Required action: For the entries below, the result should be an exact transcription of the lines from the one with "0 < l1 \<and>" up to and including the one with "(u \<bullet> m2", and only those.

☆ ☆ ☆ ☆

(* Let $n\ge1$ and $k=2$. For a general parameter $((\mu_1,\mu_2),(\lambda_1,\lambda_2),\Sigma)\in\Theta^H_{n,2}$ with $\lambda_1,\lambda_2\in(0,1)$, any parameter $((\mu_1',\mu_2'),(\lambda_1',\lambda_2'),\Sigma')\in\Theta^H_{n,2}$ with $\lambda_1',\lambda_2'\in(0,1)$ and the same moments up to order $4$ (i.e. $M_{n,2,4}$ takes the same value on both) coincides with the original one up to exchanging $(\mu_1,\lambda_1)$ and $(\mu_2,\lambda_2)$. That is, the statistically meaningful mixture parameters are recovered uniquely from moments up to order $4$.
   Context: $\Theta^H_{n,2}=\{((\mu_1,\mu_2),(\lambda_1,\lambda_2),\Sigma):\mu_i\in\mathbb{R}^n,\ \lambda_i\in\mathbb{R},\ \lambda_1+\lambda_2=1,\ \Sigma\in\mathbb{R}^{n\times n}\text{ symmetric}\}$. With $u=(u_1,\dots,u_n)$, the map $M_{n,2,4}$ sends a parameter to the coefficient vector $(m_a)_{1\le|a|\le 4}$ of the truncation modulo $(u)^{5}$ of $\sum_{i=1}^2\lambda_i\exp(u^t\mu_i+\tfrac12u^t\Sigma u)=\sum_a m_a u^a/a!$, i.e. the moments of order $\le4$ of the mixture $\lambda_1\mathcal N(\mu_1,\Sigma)+\lambda_2\mathcal N(\mu_2,\Sigma)$. *)

theory Defs
  imports "HOL-Analysis.Analysis"
begin

text \<open>A parameter ((mu1,mu2),(lambda1,lambda2),Sigma) of Theta^H_{n,2}.
  The dimension n is the cardinality of the finite index type 'n.\<close>
type_synonym 'n param = "((real^'n) \<times> (real^'n)) \<times> (real \<times> real) \<times> (real^'n^'n)"

definition ThetaH :: "('n::finite) param set" where
  "ThetaH = {((m1, m2), (l1, l2), S). l1 + l2 = 1 \<and> transpose S = S}"

definition weights_in_01 :: "('n::finite) param \<Rightarrow> bool" where
  "weights_in_01 \<theta> = (case \<theta> of ((m1, m2), (l1, l2), S) \<Rightarrow>
      0 < l1 \<and> l1 < 1 \<and> 0 < l2 \<and> l2 < 1)"

definition swap_param :: "('n::finite) param \<Rightarrow> 'n param" where
  "swap_param \<theta> = (case \<theta> of ((m1, m2), (l1, l2), S) \<Rightarrow> ((m2, m1), (l2, l1), S))"

definition mgf :: "('n::finite) param \<Rightarrow> real^'n \<Rightarrow> real" where
  "mgf \<theta> u = (case \<theta> of ((m1, m2), (l1, l2), S) \<Rightarrow>
      l1 * exp (u \<bullet> m1 + (1/2) * (u \<bullet> (S *v u)))
    + l2 * exp (u \<bullet> m2 + (1/2) * (u \<bullet> (S *v u))))"

fun pd :: "('n::finite) list \<Rightarrow> (real^'n \<Rightarrow> real) \<Rightarrow> real^'n \<Rightarrow> real" where
  "pd [] F u = F u"
| "pd (j # js) F u = deriv (\<lambda>t. pd js F (u + t *\<^sub>R axis j 1)) 0"

text \<open>The moment map M_{n,2,4}: the moment m_a (a multi-index, 1 <= |a| <= 4) is the
  coefficient a! * [u^a] of the Taylor expansion, i.e. the partial derivative
  d^a of the mgf at u = 0.  A multi-index is encoded by any list of coordinate
  indices containing j exactly a_j times (mixed partials commute).\<close>
definition M4 :: "('n::finite) param \<Rightarrow> 'n list \<Rightarrow> real" where
  "M4 \<theta> js = (if 1 \<le> length js \<and> length js \<le> 4 then pd js (mgf \<theta>) 0 else 0)"

inductive_set param_polys :: "(('n::finite) param \<Rightarrow> real) set" where
  pconst: "(\<lambda>\<theta>. c) \<in> param_polys"
| pmu1: "(\<lambda>\<theta>. fst (fst \<theta>) $ j) \<in> param_polys"
| pmu2: "(\<lambda>\<theta>. snd (fst \<theta>) $ j) \<in> param_polys"
| plam1: "(\<lambda>\<theta>. fst (fst (snd \<theta>))) \<in> param_polys"
| plam2: "(\<lambda>\<theta>. snd (fst (snd \<theta>))) \<in> param_polys"
| psig: "(\<lambda>\<theta>. snd (snd \<theta>) $ i $ j) \<in> param_polys"
| padd: "p \<in> param_polys \<Longrightarrow> q \<in> param_polys \<Longrightarrow> (\<lambda>\<theta>. p \<theta> + q \<theta>) \<in> param_polys"
| pmult: "p \<in> param_polys \<Longrightarrow> q \<in> param_polys \<Longrightarrow> (\<lambda>\<theta>. p \<theta> * q \<theta>) \<in> param_polys"

end

theory Submission
  imports Defs
begin

text \<open>A mixture with common covariance is the law of \<open>\<mu>\<^sub>2 + B d + Z\<close> with \<open>d = \<mu>\<^sub>1 - \<mu>\<^sub>2\<close>,
  \<open>B\<close> Bernoulli(\<open>\<lambda>\<^sub>1\<close>) and \<open>Z \<sim> N(0, \<Sigma>)\<close> independent. Hence its covariance is
  \<open>\<Sigma> + \<lambda>\<^sub>1\<lambda>\<^sub>2 d d\<^sup>T\<close>, and its cumulants of order 3 and 4 are those of \<open>B\<close> times products
  of entries of \<open>d\<close>. In a coordinate \<open>a\<close> with \<open>\<lambda>\<^sub>1 \<noteq> \<lambda>\<^sub>2\<close> and \<open>d\<^sub>a \<noteq> 0\<close>, the marginal
  cumulants \<open>\<kappa>\<^sub>3 = \<lambda>\<^sub>1\<lambda>\<^sub>2(\<lambda>\<^sub>2-\<lambda>\<^sub>1)d\<^sub>a\<^sup>3\<close> and \<open>\<kappa>\<^sub>4 = \<lambda>\<^sub>1\<lambda>\<^sub>2(1-6\<lambda>\<^sub>1\<lambda>\<^sub>2)d\<^sub>a\<^sup>4\<close> determine
  \<open>y = 3(\<lambda>\<^sub>2-\<lambda>\<^sub>1)\<^sup>2 - 1\<close> through \<open>27\<kappa>\<^sub>3\<^sup>4 y\<^sup>3 = 2\<kappa>\<^sub>4\<^sup>3 (2-y)(1+y)\<^sup>2\<close>, because
  \<open>y\<^sup>3/((2-y)(1+y)\<^sup>2)\<close> is injective on \<open>(-1, 2)\<close>. This fixes \<open>\<lambda>\<^sub>1\<lambda>\<^sub>2\<close>, and then \<open>\<kappa>\<^sub>3\<close>
  fixes \<open>(\<lambda>\<^sub>2-\<lambda>\<^sub>1, d\<^sub>a)\<close> up to a common sign, i.e. up to the label swap. The mixed cumulants
  \<open>\<kappa>(a,a,j)\<close> then give \<open>d\<close>, the means give \<open>\<mu>\<^sub>1, \<mu>\<^sub>2\<close> and the covariances give \<open>\<Sigma>\<close>.\<close>

definition partial_deriv :: "'n::finite \<Rightarrow> (real^'n \<Rightarrow> real) \<Rightarrow> real^'n \<Rightarrow> real" where
  "partial_deriv j F u = deriv (\<lambda>t. F (u + t *\<^sub>R axis j 1)) 0"

lemma pd_Cons_partial_deriv: "pd (j # js) F u = partial_deriv j (\<lambda>v. pd js F v) u"
  by (simp add: partial_deriv_def)

lemma partial_deriv_eq_derivative:
  assumes "(F has_derivative F') (at u)"
  shows "partial_deriv j F u = F' (axis j 1)"
proof -
  let ?e = "axis j 1"
  have "((\<lambda>t. u + t *\<^sub>R ?e) has_derivative (\<lambda>t. t *\<^sub>R ?e)) (at 0)"
    by (auto intro!: derivative_eq_intros)
  moreover have "(F has_derivative F') (at (u + 0 *\<^sub>R ?e))"
    using assms by simp
  ultimately have "((\<lambda>t. F (u + t *\<^sub>R ?e)) has_derivative (\<lambda>t. F' (t *\<^sub>R ?e))) (at 0)"
    using has_derivative_compose by (fastforce simp: o_def)
  moreover have "(\<lambda>t. F' (t *\<^sub>R ?e)) = (\<lambda>t. t * F' ?e)"
    using has_derivative_linear[OF assms] by (simp add: linear_scale)
  ultimately have "((\<lambda>t. F (u + t *\<^sub>R ?e)) has_real_derivative F' ?e) (at 0)"
    by (simp add: has_field_derivative_def mult.commute[of _ "F' _"] cong: rev_conj_cong)
  then show ?thesis
    unfolding partial_deriv_def by (rule DERIV_imp_deriv)
qed

lemma partial_deriv_const [simp]: "partial_deriv j (\<lambda>u. c) u = 0"
  by (rule partial_deriv_eq_derivative) (rule has_derivative_const)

☆ ☆ ☆ ☆

Solution below:
      0 < l1 \<and> l1 < 1 \<and> 0 < l2 \<and> l2 < 1)"

definition swap_param :: "('n::finite) param \<Rightarrow> 'n param" where
  "swap_param \<theta> = (case \<theta> of ((m1, m2), (l1, l2), S) \<Rightarrow> ((m2, m1), (l2, l1), S))"

definition mgf :: "('n::finite) param \<Rightarrow> real^'n \<Rightarrow> real" where
  "mgf \<theta> u = (case \<theta> of ((m1, m2), (l1, l2), S) \<Rightarrow>
      l1 * exp (u \<bullet> m1 + (1/2) * (u \<bullet> (S *v u)))
    + l2 * exp (u \<bullet> m2 + (1/2) * (u \<bullet> (S *v u))))"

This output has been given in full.